Looking through the data below, work out how many lines have the word "lemma". Reply with that number only.

-- -- --

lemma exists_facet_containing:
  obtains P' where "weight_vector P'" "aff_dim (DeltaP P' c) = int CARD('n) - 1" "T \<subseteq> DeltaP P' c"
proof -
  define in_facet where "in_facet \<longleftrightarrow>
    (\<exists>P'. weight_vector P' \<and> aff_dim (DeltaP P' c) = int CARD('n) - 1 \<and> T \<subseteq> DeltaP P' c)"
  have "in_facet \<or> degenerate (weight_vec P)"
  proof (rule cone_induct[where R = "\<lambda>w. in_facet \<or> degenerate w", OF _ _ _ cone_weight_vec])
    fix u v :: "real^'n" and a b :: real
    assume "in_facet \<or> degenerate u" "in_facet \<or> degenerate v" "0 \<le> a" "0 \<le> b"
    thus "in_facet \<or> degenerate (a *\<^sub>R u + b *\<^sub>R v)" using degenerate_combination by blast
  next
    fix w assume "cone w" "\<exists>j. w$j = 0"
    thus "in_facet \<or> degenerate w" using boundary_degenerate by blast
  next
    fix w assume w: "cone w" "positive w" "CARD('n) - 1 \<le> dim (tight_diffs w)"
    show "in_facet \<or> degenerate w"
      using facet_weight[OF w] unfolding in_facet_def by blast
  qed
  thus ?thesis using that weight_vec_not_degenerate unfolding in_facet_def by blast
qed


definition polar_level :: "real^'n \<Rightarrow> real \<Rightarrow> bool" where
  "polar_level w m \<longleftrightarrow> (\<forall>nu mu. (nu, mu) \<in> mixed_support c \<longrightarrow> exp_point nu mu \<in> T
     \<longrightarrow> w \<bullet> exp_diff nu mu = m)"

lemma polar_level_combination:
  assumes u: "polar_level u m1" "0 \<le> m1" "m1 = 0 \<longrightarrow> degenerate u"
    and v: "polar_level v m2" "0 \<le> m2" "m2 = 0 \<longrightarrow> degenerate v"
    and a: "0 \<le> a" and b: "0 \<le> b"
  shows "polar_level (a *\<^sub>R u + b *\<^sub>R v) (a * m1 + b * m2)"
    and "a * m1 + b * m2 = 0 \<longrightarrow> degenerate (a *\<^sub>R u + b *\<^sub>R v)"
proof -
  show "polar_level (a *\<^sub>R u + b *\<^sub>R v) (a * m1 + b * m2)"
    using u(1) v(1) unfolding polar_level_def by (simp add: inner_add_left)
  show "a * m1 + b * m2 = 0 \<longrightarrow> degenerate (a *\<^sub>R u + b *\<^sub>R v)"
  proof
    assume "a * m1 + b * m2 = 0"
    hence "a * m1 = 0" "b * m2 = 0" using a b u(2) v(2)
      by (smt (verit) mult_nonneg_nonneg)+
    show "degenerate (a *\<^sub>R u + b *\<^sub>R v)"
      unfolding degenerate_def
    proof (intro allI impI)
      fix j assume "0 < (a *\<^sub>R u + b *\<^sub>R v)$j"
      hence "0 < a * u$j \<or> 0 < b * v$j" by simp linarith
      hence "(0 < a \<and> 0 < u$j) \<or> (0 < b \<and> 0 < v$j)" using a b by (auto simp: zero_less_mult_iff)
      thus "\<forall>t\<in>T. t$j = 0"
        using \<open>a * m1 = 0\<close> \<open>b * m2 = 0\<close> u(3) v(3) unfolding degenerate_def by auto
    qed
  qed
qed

-- -- --

§ **Written response**:
2